Records to process ::

────

(* Let $R$ be a commutative Noetherian ring and $\phi\colon\mathbb{Z}\to\mathsf{P}(\operatorname{Spec}(R))$ an sp-filtration satisfying the weak Cousin condition. Then there exists an integer $j_0$ such that $\phi(j)=\phi(j_0)$ for all $j\le j_0$, and the subset $\phi(j_0)\subset\operatorname{Spec}(R)$ is open and closed. Also, the set $\bigcap_{i\in\mathbb{Z}}\phi(i)$ is open and closed.
   Context: An sp-filtration is a decreasing map $\phi\colon\mathbb{Z}\to\mathsf{P}(\operatorname{Spec}(R))$ (i.e. $\phi(i)\supset\phi(i+1)$) whose values are subsets stable under specialization. $\phi$ satisfies the weak Cousin condition if for every $j\in\mathbb{Z}$ and primes ${\mathfrak p}\subsetneq{\mathfrak q}$ with no prime strictly between them, ${\mathfrak q}\in\phi(j)$ implies ${\mathfrak p}\in\phi(j-1)$. Topology on $\operatorname{Spec}(R)$ is the Zariski topology. *)

theory Defs
  imports "HOL-Algebra.Ring_Divisibility" "HOL-Algebra.Ideal"
begin

definition Spec :: "('a, 'b) ring_scheme \<Rightarrow> 'a set set" where
  "Spec R = {P. primeideal P R}"

definition zariski_closed :: "('a, 'b) ring_scheme \<Rightarrow> 'a set set \<Rightarrow> bool" where
  "zariski_closed R S \<longleftrightarrow> (\<exists>I. I \<subseteq> carrier R \<and> S = {P \<in> Spec R. I \<subseteq> P})"

definition zariski_open :: "('a, 'b) ring_scheme \<Rightarrow> 'a set set \<Rightarrow> bool" where
  "zariski_open R U \<longleftrightarrow> U \<subseteq> Spec R \<and> zariski_closed R (Spec R - U)"

definition specialization_closed :: "('a, 'b) ring_scheme \<Rightarrow> 'a set set \<Rightarrow> bool" where
  "specialization_closed R S \<longleftrightarrow> S \<subseteq> Spec R \<and>
     (\<forall>P Q. P \<in> S \<and> Q \<in> Spec R \<and> P \<subseteq> Q \<longrightarrow> Q \<in> S)"

definition sp_filtration :: "('a, 'b) ring_scheme \<Rightarrow> (int \<Rightarrow> 'a set set) \<Rightarrow> bool" where
  "sp_filtration R \<phi> \<longleftrightarrow> (\<forall>i. specialization_closed R (\<phi> i)) \<and> (\<forall>i. \<phi> (i + 1) \<subseteq> \<phi> i)"

definition weak_cousin :: "('a, 'b) ring_scheme \<Rightarrow> (int \<Rightarrow> 'a set set) \<Rightarrow> bool" where
  "weak_cousin R \<phi> \<longleftrightarrow> (\<forall>j P Q. P \<in> Spec R \<and> Q \<in> Spec R \<and> P \<subset> Q \<and>
       \<not> (\<exists>T \<in> Spec R. P \<subset> T \<and> T \<subset> Q) \<and> Q \<in> \<phi> j \<longrightarrow> P \<in> \<phi> (j - 1))"

end

theory Submission
  imports Defs
begin

text \<open>Over a Noetherian ring every prime contains one of finitely many minimal primes, and for
  primes \<open>P \<subseteq> Q\<close> the weak Cousin condition carries \<open>Q \<in> \<phi> j\<close> down to \<open>P \<in> \<phi> (j - n)\<close>:
  a maximal prime between \<open>P\<close> and \<open>Q\<close> where this fails would have a covering prime above it
  inside \<open>Q\<close>, which exists by Krull's principal ideal theorem, where it holds.
  Hence \<open>\<Union>i. \<phi> i\<close> and \<open>\<Inter>i. \<phi> i\<close> are stable under generization as well as
  specialization, so they and their complements are finite unions of sets \<open>V(p)\<close> with \<open>p\<close>
  minimal, i.e. they are open and closed. Finally \<open>\<Union>i. \<phi> i\<close> is already attained at a level
  \<open>j\<^sub>0\<close> containing its finitely many minimal primes, and \<open>\<phi>\<close> is constant below \<open>j\<^sub>0\<close>.\<close>

lemma (in ideal) subset_carrier: "I \<subseteq> carrier R"
  by (rule a_subset)

lemma (in ideal) minus_mem: "a \<in> I \<Longrightarrow> b \<in> I \<Longrightarrow> a \<ominus> b \<in> I"
  by (simp add: a_minus_def)

lemma (in ideal) zero_mem: "\<zero> \<in> I"
  by (rule additive_subgroup.zero_closed[OF is_additive_subgroup])

lemma (in ideal) add_mem: "a \<in> I \<Longrightarrow> b \<in> I \<Longrightarrow> a \<oplus> b \<in> I"
  by (rule additive_subgroup.a_closed[OF is_additive_subgroup])

lemma (in ideal) a_inv_mem: "a \<in> I \<Longrightarrow> \<ominus> a \<in> I"
  by (rule additive_subgroup.a_inv_closed[OF is_additive_subgroup])

lemma (in primeideal) one_notin: "\<one> \<notin> I"
  using I_notcarr one_imp_carrier by blast

lemma (in cring) ideal_closedI:
  assumes "I \<subseteq> carrier R" "\<zero> \<in> I" "\<And>a b. a \<in> I \<Longrightarrow> b \<in> I \<Longrightarrow> a \<oplus> b \<in> I"
    "\<And>a r. a \<in> I \<Longrightarrow> r \<in> carrier R \<Longrightarrow> r \<otimes> a \<in> I"
  shows "ideal I R"
proof (rule idealI[OF ring_axioms])
  show "subgroup I (add_monoid R)"
  proof
    fix x assume x: "x \<in> I"
    hence "\<ominus> x = (\<ominus> \<one>) \<otimes> x" using assms(1) by (auto simp: l_minus)
    thus "inv\<^bsub>add_monoid R\<^esub> x \<in> I" using assms(4)[OF x, of "\<ominus> \<one>"] by (simp add: a_inv_def)
  qed (use assms in auto)
  fix a x assume a: "a \<in> I" and x: "x \<in> carrier R"
  show "x \<otimes> a \<in> I" using assms(4) a x .
  thus "a \<otimes> x \<in> I" using a x assms(1) m_comm[of x a] by (simp add: subsetD)
qed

────

Exercise requirements :: All of the entries need to be given again, word for word.

Solved exercise ::
(* Let $R$ be a commutative Noetherian ring and $\phi\colon\mathbb{Z}\to\mathsf{P}(\operatorname{Spec}(R))$ an sp-filtration satisfying the weak Cousin condition. Then there exists an integer $j_0$ such that $\phi(j)=\phi(j_0)$ for all $j\le j_0$, and the subset $\phi(j_0)\subset\operatorname{Spec}(R)$ is open and closed. Also, the set $\bigcap_{i\in\mathbb{Z}}\phi(i)$ is open and closed.
   Context: An sp-filtration is a decreasing map $\phi\colon\mathbb{Z}\to\mathsf{P}(\operatorname{Spec}(R))$ (i.e. $\phi(i)\supset\phi(i+1)$) whose values are subsets stable under specialization. $\phi$ satisfies the weak Cousin condition if for every $j\in\mathbb{Z}$ and primes ${\mathfrak p}\subsetneq{\mathfrak q}$ with no prime strictly between them, ${\mathfrak q}\in\phi(j)$ implies ${\mathfrak p}\in\phi(j-1)$. Topology on $\operatorname{Spec}(R)$ is the Zariski topology. *)

theory Defs
  imports "HOL-Algebra.Ring_Divisibility" "HOL-Algebra.Ideal"
begin

definition Spec :: "('a, 'b) ring_scheme \<Rightarrow> 'a set set" where
  "Spec R = {P. primeideal P R}"

definition zariski_closed :: "('a, 'b) ring_scheme \<Rightarrow> 'a set set \<Rightarrow> bool" where
  "zariski_closed R S \<longleftrightarrow> (\<exists>I. I \<subseteq> carrier R \<and> S = {P \<in> Spec R. I \<subseteq> P})"

definition zariski_open :: "('a, 'b) ring_scheme \<Rightarrow> 'a set set \<Rightarrow> bool" where
  "zariski_open R U \<longleftrightarrow> U \<subseteq> Spec R \<and> zariski_closed R (Spec R - U)"

definition specialization_closed :: "('a, 'b) ring_scheme \<Rightarrow> 'a set set \<Rightarrow> bool" where
  "specialization_closed R S \<longleftrightarrow> S \<subseteq> Spec R \<and>
     (\<forall>P Q. P \<in> S \<and> Q \<in> Spec R \<and> P \<subseteq> Q \<longrightarrow> Q \<in> S)"

definition sp_filtration :: "('a, 'b) ring_scheme \<Rightarrow> (int \<Rightarrow> 'a set set) \<Rightarrow> bool" where
  "sp_filtration R \<phi> \<longleftrightarrow> (\<forall>i. specialization_closed R (\<phi> i)) \<and> (\<forall>i. \<phi> (i + 1) \<subseteq> \<phi> i)"

definition weak_cousin :: "('a, 'b) ring_scheme \<Rightarrow> (int \<Rightarrow> 'a set set) \<Rightarrow> bool" where
  "weak_cousin R \<phi> \<longleftrightarrow> (\<forall>j P Q. P \<in> Spec R \<and> Q \<in> Spec R \<and> P \<subset> Q \<and>
       \<not> (\<exists>T \<in> Spec R. P \<subset> T \<and> T \<subset> Q) \<and> Q \<in> \<phi> j \<longrightarrow> P \<in> \<phi> (j - 1))"

end

theory Submission
  imports Defs
begin

text \<open>Over a Noetherian ring every prime contains one of finitely many minimal primes, and for
  primes \<open>P \<subseteq> Q\<close> the weak Cousin condition carries \<open>Q \<in> \<phi> j\<close> down to \<open>P \<in> \<phi> (j - n)\<close>:
  a maximal prime between \<open>P\<close> and \<open>Q\<close> where this fails would have a covering prime above it
  inside \<open>Q\<close>, which exists by Krull's principal ideal theorem, where it holds.
  Hence \<open>\<Union>i. \<phi> i\<close> and \<open>\<Inter>i. \<phi> i\<close> are stable under generization as well as
  specialization, so they and their complements are finite unions of sets \<open>V(p)\<close> with \<open>p\<close>
  minimal, i.e. they are open and closed. Finally \<open>\<Union>i. \<phi> i\<close> is already attained at a level
  \<open>j\<^sub>0\<close> containing its finitely many minimal primes, and \<open>\<phi>\<close> is constant below \<open>j\<^sub>0\<close>.\<close>

lemma (in ideal) subset_carrier: "I \<subseteq> carrier R"
  by (rule a_subset)

lemma (in ideal) minus_mem: "a \<in> I \<Longrightarrow> b \<in> I \<Longrightarrow> a \<ominus> b \<in> I"
  by (simp add: a_minus_def)

lemma (in ideal) zero_mem: "\<zero> \<in> I"
  by (rule additive_subgroup.zero_closed[OF is_additive_subgroup])

lemma (in ideal) add_mem: "a \<in> I \<Longrightarrow> b \<in> I \<Longrightarrow> a \<oplus> b \<in> I"
  by (rule additive_subgroup.a_closed[OF is_additive_subgroup])

lemma (in ideal) a_inv_mem: "a \<in> I \<Longrightarrow> \<ominus> a \<in> I"
  by (rule additive_subgroup.a_inv_closed[OF is_additive_subgroup])

lemma (in primeideal) one_notin: "\<one> \<notin> I"
  using I_notcarr one_imp_carrier by blast

lemma (in cring) ideal_closedI:
  assumes "I \<subseteq> carrier R" "\<zero> \<in> I" "\<And>a b. a \<in> I \<Longrightarrow> b \<in> I \<Longrightarrow> a \<oplus> b \<in> I"
    "\<And>a r. a \<in> I \<Longrightarrow> r \<in> carrier R \<Longrightarrow> r \<otimes> a \<in> I"
  shows "ideal I R"
proof (rule idealI[OF ring_axioms])
  show "subgroup I (add_monoid R)"
  proof
    fix x assume x: "x \<in> I"
    hence "\<ominus> x = (\<ominus> \<one>) \<otimes> x" using assms(1) by (auto simp: l_minus)
    thus "inv\<^bsub>add_monoid R\<^esub> x \<in> I" using assms(4)[OF x, of "\<ominus> \<one>"] by (simp add: a_inv_def)
  qed (use assms in auto)
  fix a x assume a: "a \<in> I" and x: "x \<in> carrier R"
  show "x \<otimes> a \<in> I" using assms(4) a x .
  thus "a \<otimes> x \<in> I" using a x assms(1) m_comm[of x a] by (simp add: subsetD)
qed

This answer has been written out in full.